Fine.  I’ll keep going. 

So again, pretty much everything about the current “spirituality” movement is hogwash.  It’s a waste.  The “evolutionary coaching,” the personal coaching, it’s garbage.  A lot of this should be obvious, but it isn’t, so here I am again, saying the same thing. 

Nobody whose getting coached is really getting better.  Nobody in the spiritual movement is evolving.  Nobody is making money except the people at the top, because it’s a pyramid scheme. 

Most of what passes for “spirituality” is self-serving BS.  It’s people fleeing from their truth in spectacular fashion.  It’s Halloween dress-up.  It’s an excuse for sex.  It’s a diversion from the hard truth that someone can’t find a real job, or a healthy relationship, or fulfill their obligations as a parent, or they feel lonely or bored or just want attention. 

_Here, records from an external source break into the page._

(* Let $S\subseteq\mathbb{S}$ be nonempty. Then there exists a closed s-convex set $C\subseteq\mathbb{S}$ with $S\subseteq C$ if and only if there exist $u\in\mathbb{R}^n$ with $\|u\|=1$ and $\alpha>0$ such that $S\subseteq\mathbb{S}\cap\{x\in\mathbb{R}^n\mid\langle x,u\rangle\ge\alpha\}$.
   Context: Standing setting: $n\ge 2$; $\mathbb{R}^n$ carries the usual inner product $\langle\cdot,\cdot\rangle$ and Euclidean norm $\|\cdot\|$; $o$ denotes the zero vector. $\Phi:\mathbb{R}^n\to\mathbb{R}_+:=[0,\infty)$ is a continuous function with $\Phi(tx)=t\Phi(x)$ for all $x\in\mathbb{R}^n$, $t\ge 0$, and $\Phi(x)=0$ iff $x=o$. Set $\mathbb{S}:=\{x\in\mathbb{R}^n\mid \Phi(x)=1\}$ (with the topology induced from $\mathbb{R}^n$), and $\rho:\mathbb{R}^n\to\{o\}\cup\mathbb{S}$, $\rho(x):=x/\Phi(x)$ for $x\neq o$, $\rho(o):=o$. For $x,y\in\mathbb{S}$, $\lambda\in[0,1]$, $\lambda x+_s(1-\lambda)y:=\rho(\lambda x+(1-\lambda)y)$. A nonempty set $S\subseteq\mathbb{S}$ is called s-convex if $\lambda x+_s(1-\lambda)y\in S$ for all $x,y\in S$ and $\lambda\in[0,1]$. *)

theory Defs
  imports "HOL-Analysis.Analysis"
begin

definition gauge_fun :: "('a::euclidean_space \<Rightarrow> real) \<Rightarrow> bool" where
  "gauge_fun Phi \<longleftrightarrow> continuous_on UNIV Phi \<and> (\<forall>x. Phi x \<ge> 0)
     \<and> (\<forall>x. \<forall>t::real. t \<ge> 0 \<longrightarrow> Phi (t *\<^sub>R x) = t * Phi x)
     \<and> (\<forall>x. Phi x = 0 \<longleftrightarrow> x = 0)"

definition sphS :: "('a::euclidean_space \<Rightarrow> real) \<Rightarrow> 'a set" where
  "sphS Phi = {x. Phi x = 1}"

definition rho :: "('a::euclidean_space \<Rightarrow> real) \<Rightarrow> 'a \<Rightarrow> 'a" where
  "rho Phi x = (if x = 0 then 0 else x /\<^sub>R Phi x)"

definition s_comb :: "('a::euclidean_space \<Rightarrow> real) \<Rightarrow> real \<Rightarrow> 'a \<Rightarrow> 'a \<Rightarrow> 'a" where
  "s_comb Phi lam x y = rho Phi (lam *\<^sub>R x + (1 - lam) *\<^sub>R y)"

definition s_convex :: "('a::euclidean_space \<Rightarrow> real) \<Rightarrow> 'a set \<Rightarrow> bool" where
  "s_convex Phi S \<longleftrightarrow> S \<noteq> {} \<and> S \<subseteq> sphS Phi \<and>
     (\<forall>x\<in>S. \<forall>y\<in>S. \<forall>lam\<in>{0..1}. s_comb Phi lam x y \<in> S)"

end

theory Submission
  imports Defs
begin

text \<open>The rays through an s-convex set \<open>C\<close> form a convex cone missing the origin, because
  the ray through any point of a segment between two such rays passes through an s-combination
  of points of \<open>C\<close>. If \<open>C\<close> is closed it is compact, hence so is its convex hull, which lies in
  that cone; separating the hull from the origin gives \<open>u\<close> and \<open>\<alpha>\<close>. Conversely, since \<open>\<Phi>\<close> is
  bounded below by a multiple of the norm, a set in the cap \<open>\<langle>x, u\<rangle> \<ge> \<alpha>\<close> of the sphere lies in
  the trace on the sphere of a closed circular cone \<open>c \<parallel>x\<parallel> \<le> \<langle>x, u\<rangle>\<close>, and the trace of a
  convex cone missing the origin is s-convex.\<close>

lemma gauge_fun_scaleR: "gauge_fun Phi \<Longrightarrow> t \<ge> 0 \<Longrightarrow> Phi (t *\<^sub>R x) = t * Phi x"
  unfolding gauge_fun_def by blast

lemma gauge_fun_eq_0_iff: "gauge_fun Phi \<Longrightarrow> Phi x = 0 \<longleftrightarrow> x = 0"
  unfolding gauge_fun_def by blast

lemma gauge_fun_pos: "gauge_fun Phi \<Longrightarrow> x \<noteq> 0 \<Longrightarrow> Phi x > 0"
  unfolding gauge_fun_def by (metis order_le_less)

lemma gauge_fun_continuous_on: "gauge_fun Phi \<Longrightarrow> continuous_on A Phi"
  unfolding gauge_fun_def using continuous_on_subset by blast

lemma zero_notin_sphS: "gauge_fun Phi \<Longrightarrow> 0 \<notin> sphS Phi"
  using gauge_fun_eq_0_iff[of Phi 0] by (simp add: sphS_def)

lemma gauge_fun_norm_bound:
  fixes Phi :: "'a::euclidean_space \<Rightarrow> real"
  assumes g: "gauge_fun Phi"
  obtains m where "m > 0" "\<And>x. m * norm x \<le> Phi x"
proof -
  obtain b :: 'a where "b \<in> Basis" using nonempty_Basis by blast
  then have "sphere (0::'a) 1 \<noteq> {}" by (auto intro!: exI[of _ b])
  then obtain x0 where x0: "x0 \<in> sphere 0 1" "\<And>y. y \<in> sphere 0 1 \<Longrightarrow> Phi x0 \<le> Phi y"
    using continuous_attains_inf[OF compact_sphere _ gauge_fun_continuous_on[OF g]] by blast
  have "Phi x0 * norm x \<le> Phi x" for x
  proof (cases "x = 0")
    case False
    then have "Phi x0 \<le> Phi ((1 / norm x) *\<^sub>R x)" by (intro x0(2)) simp
    also have "\<dots> = Phi x / norm x" using gauge_fun_scaleR[OF g, of "1 / norm x" x] by simp
    finally show ?thesis using False by (simp add: field_simps)
  qed (use gauge_fun_eq_0_iff[OF g, of 0] in simp)
  moreover have "x0 \<noteq> 0" using x0(1) by auto
  then have "Phi x0 > 0" by (rule gauge_fun_pos[OF g])
  ultimately show thesis using that by blast
qed

lemma compact_sphS:
  fixes Phi :: "'a::euclidean_space \<Rightarrow> real"
  assumes g: "gauge_fun Phi"
  shows "compact (sphS Phi)"
proof -
  obtain m where m: "m > 0" "\<And>x. m * norm x \<le> Phi x" using gauge_fun_norm_bound[OF g] by blast
  have "closed (sphS Phi)" unfolding sphS_def
    by (intro closed_Collect_eq gauge_fun_continuous_on[OF g] continuous_on_const)
  moreover have "sphS Phi \<subseteq> cball 0 (1 / m)"
    using m by (auto simp: sphS_def field_simps) (metis m(2))
  ultimately show ?thesis using bounded_cball bounded_subset compact_eq_bounded_closed by blast
qed

lemma rho_eq_scaleR: "x \<noteq> 0 \<Longrightarrow> rho Phi x = (1 / Phi x) *\<^sub>R x"
  by (simp add: rho_def divide_inverse_commute)

lemma rho_in_sphS: "gauge_fun Phi \<Longrightarrow> x \<noteq> 0 \<Longrightarrow> rho Phi x \<in> sphS Phi"
  using gauge_fun_scaleR[of Phi "1 / Phi x" x] gauge_fun_pos[of Phi x]
  by (simp add: rho_eq_scaleR sphS_def)

lemma rho_in_sphS_imp_nonzero: "gauge_fun Phi \<Longrightarrow> rho Phi x \<in> sphS Phi \<Longrightarrow> x \<noteq> 0"
  using zero_notin_sphS by (fastforce simp: rho_def)

definition ray_cone :: "'a::real_vector set \<Rightarrow> 'a set" where
  "ray_cone C = {t *\<^sub>R x | t x. t > 0 \<and> x \<in> C}"

lemma subset_ray_cone: "C \<subseteq> ray_cone C"
  unfolding ray_cone_def by (auto intro!: exI[of _ 1])

lemma zero_notin_ray_cone: "0 \<notin> C \<Longrightarrow> 0 \<notin> ray_cone C"
  unfolding ray_cone_def by auto

lemma convex_ray_cone_if_s_convex:
  fixes C :: "'a::euclidean_space set"
  assumes g: "gauge_fun Phi" and C: "s_convex Phi C"
  shows "convex (ray_cone C)"
proof (rule convexI)
  fix a b and mu nu :: real
  assume a: "a \<in> ray_cone C" and b: "b \<in> ray_cone C" and "0 \<le> mu" "0 \<le> nu" "mu + nu = 1"
  obtain t x where tx: "t > 0" "x \<in> C" "a = t *\<^sub>R x" using a by (auto simp: ray_cone_def)
  obtain s y where sy: "s > 0" "y \<in> C" "b = s *\<^sub>R y" using b by (auto simp: ray_cone_def)
  show "mu *\<^sub>R a + nu *\<^sub>R b \<in> ray_cone C"
  proof (cases "mu = 0 \<or> nu = 0")
    case True
    then show ?thesis using a b \<open>mu + nu = 1\<close> by auto
  next
    case False
    define p q where "p = mu * t" and "q = nu * s"
    have pq: "p > 0" "q > 0"
      using False \<open>0 \<le> mu\<close> \<open>0 \<le> nu\<close> tx sy by (auto simp: p_def q_def)
    define lam where "lam = p / (p + q)"
    define z where "z = lam *\<^sub>R x + (1 - lam) *\<^sub>R y"
    have "lam \<in> {0..1}" using pq by (auto simp: lam_def)
    then have rz: "rho Phi z \<in> C"
      using C tx(2) sy(2) by (auto simp: s_convex_def s_comb_def z_def)
    then have "z \<noteq> 0"
      using C rho_in_sphS_imp_nonzero[OF g] by (auto simp: s_convex_def)
    then have Phi_z: "Phi z > 0" using gauge_fun_pos[OF g] by blast
    then have z: "z = Phi z *\<^sub>R rho Phi z" using \<open>z \<noteq> 0\<close> by (simp add: rho_eq_scaleR)
    have "mu *\<^sub>R a + nu *\<^sub>R b = p *\<^sub>R x + q *\<^sub>R y"
      by (simp add: tx(3) sy(3) p_def q_def)
    also have "\<dots> = (p + q) *\<^sub>R z"
    proof -
      have "(p + q) * lam = p" "(p + q) * (1 - lam) = q"
        using pq by (simp_all add: lam_def field_simps)
      then show ?thesis by (simp add: z_def scaleR_add_right)
    qed
    also have "\<dots> = ((p + q) * Phi z) *\<^sub>R rho Phi z"
      by (subst z) simp
    finally show ?thesis
      using pq Phi_z rz unfolding ray_cone_def by (auto intro!: exI[of _ "(p + q) * Phi z"])
  qed
qed

lemma zero_notin_convex_hull_if_s_convex:
  fixes C :: "'a::euclidean_space set"
  assumes "gauge_fun Phi" and "s_convex Phi C"
  shows "0 \<notin> convex hull C"
proof -
  have "0 \<notin> ray_cone C"
    using assms zero_notin_sphS by (intro zero_notin_ray_cone) (auto simp: s_convex_def)
  moreover have "convex hull C \<subseteq> ray_cone C"
    by (rule hull_minimal[where S=convex, OF subset_ray_cone convex_ray_cone_if_s_convex[OF assms]])
  ultimately show ?thesis by blast
qed

lemma compact_halfspace_separation:
  fixes C :: "'a::euclidean_space set"
  assumes "compact C" and "0 \<notin> convex hull C"
  obtains u \<alpha> where "norm u = 1" "\<alpha> > 0" "\<And>x. x \<in> C \<Longrightarrow> x \<bullet> u \<ge> \<alpha>"
proof -
  obtain a b where ab: "a \<noteq> 0" "0 < b" "\<And>x. x \<in> convex hull C \<Longrightarrow> a \<bullet> x > b"
    using separating_hyperplane_closed_0[OF convex_convex_hull
        compact_imp_closed[OF compact_convex_hull[OF assms(1)]] assms(2)] by blast
  have "x \<bullet> ((1 / norm a) *\<^sub>R a) \<ge> b / norm a" if "x \<in> C" for x
    using ab(3)[OF hull_inc[OF that]] ab(1)
    by (simp add: inner_commute divide_right_mono less_imp_le)
  then show thesis using that[of "(1 / norm a) *\<^sub>R a" "b / norm a"] ab(1,2) by simp
qed

lemma s_comb_in_cone:
  fixes K :: "'a::euclidean_space set"
  assumes g: "gauge_fun Phi" and K: "convex K" "0 \<notin> K" "\<And>t x. t > 0 \<Longrightarrow> x \<in> K \<Longrightarrow> t *\<^sub>R x \<in> K"
    and xy: "x \<in> sphS Phi \<inter> K" "y \<in> sphS Phi \<inter> K" and lam: "lam \<in> {0..1}"
  shows "s_comb Phi lam x y \<in> sphS Phi \<inter> K"
proof -
  define z where "z = lam *\<^sub>R x + (1 - lam) *\<^sub>R y"
  have "z \<in> K" using K(1) xy lam by (auto simp: z_def intro: convexD)
  then have "z \<noteq> 0" using K(2) by blast
  then show ?thesis
    using \<open>z \<in> K\<close> K(3)[of "1 / Phi z" z] gauge_fun_pos[OF g] rho_in_sphS[OF g]
    by (simp add: s_comb_def z_def[symmetric] rho_eq_scaleR)
qed

lemma convex_circular_cone:
  fixes u :: "'a::real_inner"
  assumes "c \<ge> 0"
  shows "convex {x. c * norm x \<le> x \<bullet> u}"
proof (rule convexI)
  fix x y and mu nu :: real
  assume "x \<in> {x. c * norm x \<le> x \<bullet> u}" "y \<in> {x. c * norm x \<le> x \<bullet> u}"
    and "0 \<le> mu" "0 \<le> nu" "mu + nu = 1"
  then have "c * norm (mu *\<^sub>R x + nu *\<^sub>R y) \<le> mu * (c * norm x) + nu * (c * norm y)"
    using mult_left_mono[OF norm_triangle_ineq[of "mu *\<^sub>R x" "nu *\<^sub>R y"] assms]
    by (simp add: algebra_simps)
  also have "\<dots> \<le> mu * (x \<bullet> u) + nu * (y \<bullet> u)"
    using \<open>0 \<le> mu\<close> \<open>0 \<le> nu\<close> \<open>x \<in> _\<close> \<open>y \<in> _\<close> by (auto intro!: add_mono mult_left_mono)
  finally show "mu *\<^sub>R x + nu *\<^sub>R y \<in> {x. c * norm x \<le> x \<bullet> u}"
    by (simp add: inner_add_left)
qed

lemma s_convex_sphS_circular_cone:
  fixes u :: "'a::euclidean_space"
  assumes g: "gauge_fun Phi" and "c > 0" and "sphS Phi \<inter> {x. c * norm x \<le> x \<bullet> u} \<noteq> {}"
  shows "s_convex Phi (sphS Phi \<inter> {x. c * norm x \<le> x \<bullet> u})"
proof -
  define K where "K = {x. c * norm x \<le> x \<bullet> u} \<inter> {x. u \<bullet> x > 0}"
  have "convex K"
    unfolding K_def using \<open>c > 0\<close> by (intro convex_Int convex_circular_cone convex_halfspace_gt) simp
  moreover have "0 \<notin> K" by (simp add: K_def)
  moreover have "t *\<^sub>R x \<in> K" if "t > 0" "x \<in> K" for t x
    using that by (auto simp: K_def)
  ultimately have "s_comb Phi lam x y \<in> sphS Phi \<inter> K"
    if "x \<in> sphS Phi \<inter> K" "y \<in> sphS Phi \<inter> K" "lam \<in> {0..1}" for x y lam
    using s_comb_in_cone[OF g] that by blast
  moreover have "sphS Phi \<inter> {x. c * norm x \<le> x \<bullet> u} = sphS Phi \<inter> K"
  proof -
    have "c * norm x > 0" if "x \<in> sphS Phi" for x
      using that zero_notin_sphS[OF g] \<open>c > 0\<close> by (metis mult_pos_pos zero_less_norm_iff)
    then show ?thesis unfolding K_def by (force simp: inner_commute)
  qed
  ultimately show ?thesis
    using assms(3) unfolding s_convex_def by auto
qed

theorem mainTheorem7:
  fixes Phi :: "'a::euclidean_space \<Rightarrow> real" and S :: "'a set"
  assumes "DIM('a) \<ge> 2"
    and "gauge_fun Phi"
    and "S \<noteq> {}" and "S \<subseteq> sphS Phi"
  shows "(\<exists>C. s_convex Phi C \<and> closedin (top_of_set (sphS Phi)) C \<and> S \<subseteq> C)
     \<longleftrightarrow> (\<exists>u \<alpha>. norm u = 1 \<and> \<alpha> > 0 \<and> S \<subseteq> sphS Phi \<inter> {x. x \<bullet> u \<ge> \<alpha>})"
proof
  assume "\<exists>C. s_convex Phi C \<and> closedin (top_of_set (sphS Phi)) C \<and> S \<subseteq> C"
  then obtain C where C: "s_convex Phi C" "closedin (top_of_set (sphS Phi)) C" "S \<subseteq> C" by blast
  have "compact C"
    using C(2) compact_sphS[OF assms(2)] closedin_compact by blast
  then obtain u \<alpha> where "norm u = 1" "\<alpha> > 0" "\<And>x. x \<in> C \<Longrightarrow> x \<bullet> u \<ge> \<alpha>"
    using compact_halfspace_separation zero_notin_convex_hull_if_s_convex[OF assms(2) C(1)] by blast
  then show "\<exists>u \<alpha>. norm u = 1 \<and> \<alpha> > 0 \<and> S \<subseteq> sphS Phi \<inter> {x. x \<bullet> u \<ge> \<alpha>}"
    using C(3) assms(4) by blast
next
  assume "\<exists>u \<alpha>. norm u = 1 \<and> \<alpha> > 0 \<and> S \<subseteq> sphS Phi \<inter> {x. x \<bullet> u \<ge> \<alpha>}"
  then obtain u \<alpha> where "\<alpha> > 0" and S: "S \<subseteq> sphS Phi \<inter> {x. x \<bullet> u \<ge> \<alpha>}" by blast
  obtain m where m: "m > 0" "\<And>x. m * norm x \<le> Phi x" using gauge_fun_norm_bound[OF assms(2)] by blast
  define C where "C = sphS Phi \<inter> {x. \<alpha> * m * norm x \<le> x \<bullet> u}"
  have "\<alpha> * m * norm x \<le> x \<bullet> u" if "x \<in> S" for x
  proof -
    have "Phi x = 1" "\<alpha> \<le> x \<bullet> u" using S that by (auto simp: sphS_def)
    then have "\<alpha> * (m * norm x) \<le> \<alpha>"
      using mult_left_mono[of "m * norm x" 1 \<alpha>] m(2)[of x] \<open>\<alpha> > 0\<close> by simp
    then show ?thesis using \<open>\<alpha> \<le> x \<bullet> u\<close> by (simp add: mult.assoc)
  qed
  then have "S \<subseteq> C" using S by (auto simp: C_def)
  moreover have "closedin (top_of_set (sphS Phi)) C"
    unfolding C_def by (intro closedin_closed_Int closed_Collect_le continuous_intros)
  moreover have "C \<noteq> {}" using \<open>S \<subseteq> C\<close> assms(3) by blast
  then have "s_convex Phi C"
    unfolding C_def by (rule s_convex_sphS_circular_cone[OF assms(2) mult_pos_pos[OF \<open>\<alpha> > 0\<close> m(1)]])
  ultimately show "\<exists>C. s_convex Phi C \<and> closedin (top_of_set (sphS Phi)) C \<and> S \<subseteq> C" by blast
qed

end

People who change their name to draw attention to how “spiritual” or “evolved” they are – they’re running away.  They’re afraid.  They’re lonely and scared.  They’re not spiritual.  People who are making a name for themselves aren’t changing their names, they change how the world sees them by how they’re being and what they’re contributing. 

All these pagan rituals, this Shaman nonsense, Tantra as it’s taught in California-based practices, these BS “spirituality” cults – this isn’t spiritual development, it’s toxic crap.  All of it.  You shouldn’t follow these people, those people need help.

A lot of these cults engage in real rape and violation.  Some are even worse and engage in forms blood ritual. Really messed-up stuff.  They’re pretty much all engaged in forms of black magic.   This is bad stuff.

The “coaching” stuff is either worthless or follows the cult pattern.  There are ways one can improve oneself, and utilize outside help, but most of this current reliance on coaching is misguided and unhelpful, often dangerous. 

There are a lot of lost, lonely, frightened people who wasting a lot of money and not getting better.  And for some it’s even worse than that.  Happiness will not be found here.  You will not develop your gifts by engaging in self-perpetuating loneliness, disempowerment and fear.  Acting out your issues through sexual dysfunction will not lead to anywhere but disaster.  No, it’s not spiritual – none of that is anywhere close to spiritual.  Stop telling yourself that your psychological issues are “spiritual,” dammit!

Stop it! 

Because I’m really getting tired of saying I’m right after your train wrecks. They're not pretty.